As mentioned earlier, performance is an entirely separate subject, both distinct from, and yet encompassing, all other areas. For performance issues, it is vital to quantify the issues and determine:
- What, exactly, is slow?
- What is the expected performance metric?
- What is the actual performance metric?
- Is the expectation reasonable and mathematically feasible?
- Is this an issue of degraded performance?
Quantifying the performance degradation
The essential first step in a performance issue is to quantify it. "It's slow" isn't helpful. It is necessary to break down, in as much detail as possible, exactly what "it" is and exactly what "slow" is. It's also important to understand the expectation. The fact that anyone would say something is slow means that they have a performance expectation in mind. This specific expectation needs to be captured, along with any justification and reasoning as to why the expectation exists.
Is it "reasonable"? The point here is that, if there's a client farm and a OneFS server, and they are linked by a 10 Gigabit Ethernet-based network, any expectations that there will be greater than 10 Gigabits per second of actual data transferred in either direction are not realistic and must be reset. A more difficult one to quantify is disk input/output (I/O) performance. However, it is unlikely you'll be able to achieve 1 Gigabyte per second sustained streaming write performance to a three-node 36 NL cluster. In this case, use your judgment.

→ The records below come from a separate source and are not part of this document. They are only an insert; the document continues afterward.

lemma lemma3p1_hyp_adjoint_eigenvector:
  fixes A :: "'a::{real_inner, semiring_1} ^ 'm ^ 'n" and B :: "'a ^ 'n ^ 'm"
  assumes "1 \<le> p" and "1 \<le> q"
    and adjoint: "\<And>x u. (A *v x) \<bullet> u = x \<bullet> (B *v u)"
    and hyp: "lemma3p1_hyp p q A v"
  shows "\<exists>c::real. (B ** A) *v v = c *\<^sub>R v"
proof -
  have max: "is_pq_maximizer p q A v"
    and "equal_modulus_support v" and "equal_modulus_support (A *v v)"
    and p_cases: "(1 < p \<and> p < \<infinity>) \<or> (p = 1 \<and> v \<in> K1) \<or> (p = \<infinity> \<and> v \<in> Km1)"
    using hyp by (auto simp: lemma3p1_hyp_def)
  have "v \<noteq> 0"
    using max by (simp add: is_pq_maximizer_def)
  have "0 < p"
    using assms(1) by (cases p) auto
  have "0 < q"
    using assms(2) by (cases q) auto
  have "attains_dual_norm (lpnorm q) (A *v v) (A *v v)"
    by (rule attains_dual_norm_flat) fact+
  then have "attains_dual_norm (lpnorm p) (B *v (A *v v)) v"
    by (rule attains_dual_norm_adjoint[OF max \<open>0 < p\<close> \<open>0 < q\<close> adjoint])
  then obtain c where "B *v (A *v v) = c *\<^sub>R v"
    using attains_dual_norm_lpnorm_imp_parallel[OF \<open>v \<noteq> 0\<close> \<open>equal_modulus_support v\<close> p_cases]
    by blast
  then show ?thesis
    by (auto simp: matrix_vector_mul_assoc)
qed

lemma matrix_vector_mult_inner_transpose:
  fixes A :: "real ^ 'm ^ 'n"
  shows "(A *v x) \<bullet> u = x \<bullet> (transpose A *v u)"
  by (metis dot_lmul_matrix inner_commute transpose_matrix_vector)

lemma inner_mult_left_cnj: "(a * z) \<bullet> u = z \<bullet> (cnj a * u)"
  by (simp add: inner_complex_def algebra_simps)

lemma matrix_vector_mult_inner_cadjoint:
  fixes A :: "complex ^ 'm ^ 'n"
  shows "(A *v x) \<bullet> u = x \<bullet> (cadjoint A *v u)"
proof -
  have "(A *v x) \<bullet> u = (\<Sum>i\<in>UNIV. \<Sum>j\<in>UNIV. x $ j \<bullet> (cnj (A $ i $ j) * u $ i))"
    by (simp only: inner_vec_def matrix_vector_mult_def vec_lambda_beta inner_sum_left inner_mult_left_cnj)
  also have "\<dots> = (\<Sum>j\<in>UNIV. \<Sum>i\<in>UNIV. x $ j \<bullet> (cnj (A $ i $ j) * u $ i))"
    by (rule sum.swap)
  also have "\<dots> = x \<bullet> (cadjoint A *v u)"
    by (simp add: inner_vec_def matrix_vector_mult_def cadjoint_def inner_sum_right)
  finally show ?thesis .
qed

theorem lemma3p1:
  fixes p q :: ereal
  assumes "1 \<le> p" and "1 \<le> q"
  shows "(\<forall>(A :: real ^ 'm ^ 'n) v. lemma3p1_hyp p q A v \<longrightarrow>
            (\<exists>c. (transpose A ** A) *v v = c *s v))
       \<and> (\<forall>(A :: complex ^ 'm ^ 'n) v. lemma3p1_hyp p q A v \<longrightarrow>
            (\<exists>c. (cadjoint A ** A) *v v = c *s v))"
proof (intro conjI allI impI)
  fix A :: "real ^ 'm ^ 'n" and v
  assume "lemma3p1_hyp p q A v"
  then obtain c where "(transpose A ** A) *v v = c *\<^sub>R v"
    using lemma3p1_hyp_adjoint_eigenvector[OF assms matrix_vector_mult_inner_transpose] by blast
  then show "\<exists>c. (transpose A ** A) *v v = c *s v"
    by (auto simp: scalar_mult_eq_scaleR)
next
  fix A :: "complex ^ 'm ^ 'n" and v
  assume "lemma3p1_hyp p q A v"
  then obtain c where "(cadjoint A ** A) *v v = c *\<^sub>R v"
    using lemma3p1_hyp_adjoint_eigenvector[OF assms matrix_vector_mult_inner_cadjoint] by blast
  then have "(cadjoint A ** A) *v v = complex_of_real c *s v"
    by (simp add: vec_eq_iff scaleR_conv_of_real[where 'a = complex])
  then show "\<exists>c. (cadjoint A ** A) *v v = c *s v"
    by blast
qed
(* Let $n\in\mathbb{N}$, $i\in\{1,\ldots,n\}$ and $x\in\mathcal{X}^n$. Then \[ x_i \ge \frac{1}{(n-i+1)(s_i-1)}, \] with equality if and only if $x = \bar x(i)$.
   Context: The Sylvester sequence: $s_1 = 2$, $s_i = \prod_{j=1}^{i-1} s_j + 1$ for $i\ge2$. $\mathcal{X}^n$ is the set of $x\in\mathbb{R}^n$ with $x_1+\cdots+x_n = 1$, $1 \ge x_1 \ge \cdots \ge x_n \ge 0$, and $x_1\cdots x_j \le x_{j+1}+\cdots+x_n$ for all $j\in\{1,\ldots,n-1\}$. For $l\in\{1,\ldots,n\}$, $\bar x(l) := \big(\frac{1}{s_1},\ldots,\frac{1}{s_{l-1}}, \frac{1}{(n-l+1)(s_l-1)},\ldots,\frac{1}{(n-l+1)(s_l-1)}\big)\in\mathbb{R}^n$ (last value repeated $n-l+1$ times). *)

theory Defs
  imports Complex_Main
begin

fun sylv_prod :: "nat \<Rightarrow> nat" where
  "sylv_prod 0 = 1"
| "sylv_prod (Suc k) = sylv_prod k * (sylv_prod k + 1)"

(* Sylvester sequence, 1-indexed: s_i = s_1 * ... * s_(i-1) + 1, so s_1 = 2 *)
definition sylvester :: "nat \<Rightarrow> nat" where
  "sylvester i = sylv_prod (i - 1) + 1"

lemma sylvester_1: "sylvester 1 = 2"
  by (simp add: sylvester_def)

lemma sylv_prod_eq: "sylv_prod k = (\<Prod>j\<in>{1..k}. sylvester j)"
proof (induction k)
  case (Suc k) then show ?case by (simp add: sylvester_def prod.nat_ivl_Suc')
qed simp

(* Vectors in R^n represented as x :: nat \<Rightarrow> real with coordinates x 1, ..., x n;
   values outside {1..n} are irrelevant (required to be 0 for uniqueness). *)
definition Xset :: "nat \<Rightarrow> (nat \<Rightarrow> real) set" where
  "Xset n = {x. (\<forall>k. k \<notin> {1..n} \<longrightarrow> x k = 0)
     \<and> (\<Sum>k=1..n. x k) = 1
     \<and> (n \<ge> 1 \<longrightarrow> x 1 \<le> 1 \<and> x n \<ge> 0)
     \<and> (\<forall>k\<in>{1..<n}. x k \<ge> x (k+1))
     \<and> (\<forall>j\<in>{1..<n}. (\<Prod>k=1..j. x k) \<le> (\<Sum>k=j+1..n. x k))}"

definition xbar :: "nat \<Rightarrow> nat \<Rightarrow> (nat \<Rightarrow> real)" where
  "xbar n l = (\<lambda>k. if 1 \<le> k \<and> k < l then 1 / real (sylvester k)
                  else if l \<le> k \<and> k \<le> n then 1 / (real (n - l + 1) * (real (sylvester l) - 1))
                  else 0)"

end

theory Submission imports Defs begin

(* Write q_N = s_1 \<cdots> s_N = s_(N+1) - 1.  Call x "admissible of length N"
   if x_1 \<ge> ... \<ge> x_N \<ge> 0 and x_1 + ... + x_k + x_1 \<cdots> x_k \<le> 1 for all k \<le> N; every
   point of X^n restricted to its first N < n coordinates is admissible, with remainder
   1 - (x_1 + ... + x_N) = x_(N+1) + ... + x_n.  The heart of the proof is the bound

       (R)  1 - (x_1 + ... + x_N) \<ge> 1/q_N      for every admissible x of length N,

   proved by induction on N together with the auxiliary "slack" inequality
       (J)  1 - (x_1 + ... + x_N) - 1/q_N \<ge> x_N (1 - q_N x_1 \<cdots> x_N)   (strict if q_N x_1 \<cdots> x_N < 1).
   (R) and (J) at N give (R) at N+1 by a short computation; (J) at N follows from (R) at N
   for all admissible vectors by lengthening the final constant block of x step by step,
   using the intermediate value theorem and the monotonicity of a one-variable polynomial.
   Tracking equalities through the same induction shows that equality in (R) forces
   x_k = 1/s_k for k \<le> N.  The theorem follows: the tail x_i + ... + x_n is at least
   1/q_(i-1) by (R) and at most (n-i+1) x_i by monotonicity, and equality throughout
   pins x down to xbar(i). *)

definition psum :: "(nat \<Rightarrow> real) \<Rightarrow> nat \<Rightarrow> real" where
  "psum x k = (\<Sum>j=1..k. x j)"

definition pprod :: "(nat \<Rightarrow> real) \<Rightarrow> nat \<Rightarrow> real" where
  "pprod x k = (\<Prod>j=1..k. x j)"

definition qs :: "nat \<Rightarrow> real" where
  "qs k = real (sylv_prod k)"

When an issue arises, first determine when it occurred and what changed on the cluster. Determine whether the change was expected and is a known issue, or if the change caused an unexpected issue. If some functionality worked in the past, but a change caused it to not work, then you will need to investigate further. In this case, a rigorous change control process can help significantly. An Isilon cluster exists in a complex environment and relies on a large number of external entities and systems. As such, a holistic change control process will serve you well. As an example, a firewall change was made on an internal EMC Isilon cluster that broke SmartConnect DNS, but because EMC IT had a thorough change control process in place, we were quickly able to determine what environmental changes had occurred around the time of the event and revert the change that caused the issue.
Is this a regression? If so, understand what changed on the cluster. Something changed. This is where you get out your change control log to see if any changes were made to the environment. Did somebody upgrade the client operating system or application(s)? Were network changes made? There are things to look for on the cluster—especially in OneFS 7.1, where Job Engine changes were made. Is there a Job Engine job running on the cluster, and what job impact policy is in effect? The job will be consuming disk input/output operations (IOPS) that would otherwise go to clients.
Performance troubleshooting is all about moving the bottleneck, so:
- Find the bottleneck.
- Test individual parts of the file system—for example, slow writes.
- Try the I/O locally on the cluster.
- Measure the network throughput without writing to disk.
- Address and repeat.
At the end of the day, performance is always about finding the weakest link, strengthening it, and then reiterating the process. A very effective technique is to break down the workflow into component parts—ideally, parts that test an individual component, such as the network, disks, and other components.